2013/6/7 Alex Barth <a...@mapbox.com>

>
> Over the past months, we've tried to get legal advice on this question.
> This is difficult as the lack of existing case law makes it hard to get
> official legal opinion on the document and the license is very complex. But
> here is what we have heard back informally:
>
> 1. Geocoding can be interpreted as Produced Work per the defintion of
> Produced Work in the ODbL [2].
> 2. The ODbL is too vague in the definition of its terms, requiring
> additional clarifications by licensor. This is most importantly the case
> around the terms "derivative database" and what constitutes a "substantial"
> extraction of data [3].
>
>
> My take on this is the following:

I don't agree with the approach to just add the statement to OSMF wiki
page. What you want to achieve is to establish a Community Norm in order to
eliminate a grey area in the ODbL - a grey area as there is room for
interpretation and a Community Norm as it is intended to limit the room for
interpretations in the sense of the community.
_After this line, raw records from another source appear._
text \<open>Both sides satisfy the same recursion in \<open>b\<close>.\<close>

lemma column_sum_eq_esup: "column_sum y z c a b l = esup y z a b (a + c) (b + c - l + 1) l"
proof (induction "nat (b - a + 1)" arbitrary: b l)
  case 0
  then show ?case by (intro column_sum_eq_esup_degenerate) auto
next
  case (Suc N)
  show ?case
  proof (cases "l \<le> 0 \<or> b - a + 1 < l")
    case True
    then show ?thesis by (rule column_sum_eq_esup_degenerate)
  next
    case False
    define k where "k = nat l - 1"
    have k: "l = int (Suc k)" and ab: "a \<le> b" and kb: "int k \<le> b - a"
      using False unfolding k_def by auto
    define \<beta> where "\<beta> = b + c - int k"
    have N: "N = nat (b - 1 - a + 1)" using Suc.hyps(2) by simp
    have IH1: "column_sum y z c a (b - 1) (int (Suc k)) = esup y z a (b - 1) (a + c) (\<beta> - 1) (int (Suc k))"
      using Suc.hyps(1)[OF N, of "int (Suc k)"] unfolding \<beta>_def by (simp add: algebra_simps)
    have IH2: "column_sum y z c a (b - 1) (int k) = esup y z a (b - 1) (a + c) \<beta> (int k)"
      using Suc.hyps(1)[OF N, of "int k"] unfolding \<beta>_def by (simp add: algebra_simps)
    have cb: "a + c \<le> \<beta>" using kb unfolding \<beta>_def by simp
    have "column_sum y z c a b l =
        column_sum y z c a (b - 1) (int (Suc k)) + (y b - z \<beta>) * column_sum y z c a (b - 1) (int k)"
      unfolding k \<beta>_def by (rule column_sum_Suc[OF ab])
    also have "\<dots> = esup y z a b (a + c) \<beta> (int (Suc k))"
      unfolding IH1 IH2 esup_nat
      by (rule alternating_convolution_Suc[symmetric]) (simp_all add: esym_Suc[OF ab] hsym_Suc[OF cb])
    also have "\<dots> = esup y z a b (a + c) (b + c - l + 1) l"
      unfolding \<beta>_def k by (simp add: algebra_simps)
    finally show ?thesis .
  qed
qed

lemma rank_in_mono: "finite X \<Longrightarrow> t \<le> u \<Longrightarrow> rank_in X t \<le> rank_in X u"
  unfolding rank_in_def by (rule card_mono) auto

lemma rank_in_le_card: "finite X \<Longrightarrow> rank_in X t \<le> card X"
  unfolding rank_in_def by (rule card_mono) auto

lemma rank_in_plus_1: "finite X \<Longrightarrow> rank_in X (t + 1) = rank_in X t + (if t \<in> X then 1 else 0)"
proof -
  assume f: "finite X"
  show ?thesis
  proof (cases "t \<in> X")
    case True
    have "{x \<in> X. x < t + 1} = insert t {x \<in> X. x < t}" using True by auto
    then show ?thesis unfolding rank_in_def using True f by simp
  next
    case False
    have "{x \<in> X. x < t + 1} = {x \<in> X. x < t}" using False by (auto, metis le_less)
    then show ?thesis unfolding rank_in_def using False by simp
  qed
qed

lemma card_ge_part: "finite X \<Longrightarrow> card {x \<in> X. t \<le> x} = card X - rank_in X t"
proof -
  assume f: "finite X"
  have "X = {x \<in> X. x < t} \<union> {x \<in> X. t \<le> x}" by auto
  then have "card X = rank_in X t + card {x \<in> X. t \<le> x}"
    unfolding rank_in_def using f by (metis (no_types, lifting) card_Un_disjoint disjoint_iff
        finite_Un mem_Collect_eq not_less)
  then show ?thesis by simp
qed

lemma nth_sorted_list_of_set_less_iff:
  assumes "finite X" "i < card X" "k < card X"
  shows "sorted_list_of_set X ! i < sorted_list_of_set X ! k \<longleftrightarrow> i < k"
  using sorted_wrt_nth_less[OF strict_sorted_list_of_set, of i k X]
    sorted_wrt_nth_less[OF strict_sorted_list_of_set, of k i X] assms
  by (cases i k rule: linorder_cases) auto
Until now there is no official process to establish a Community Norm as
well as no process to acknowlege a grey area and its priority to work on
it. First we need to establish the process how we create a Community Norm.
This is indeed required in order to serve requests like yours.

In regards to "Geocoding" this needs to be distinguished from name
browsing. I understand Geocoding as the addition of a coordinate to
complete address. A "Geocoder" often works in a way that it looksup
uncomplete addresses and matches the best result or proposes a list of the
best candidates and then completes the uncomplete input to a full and valid
address - this is the name browsing part - often considered as part of the
Geocoder. From this perspective the Geocoder should be defined first.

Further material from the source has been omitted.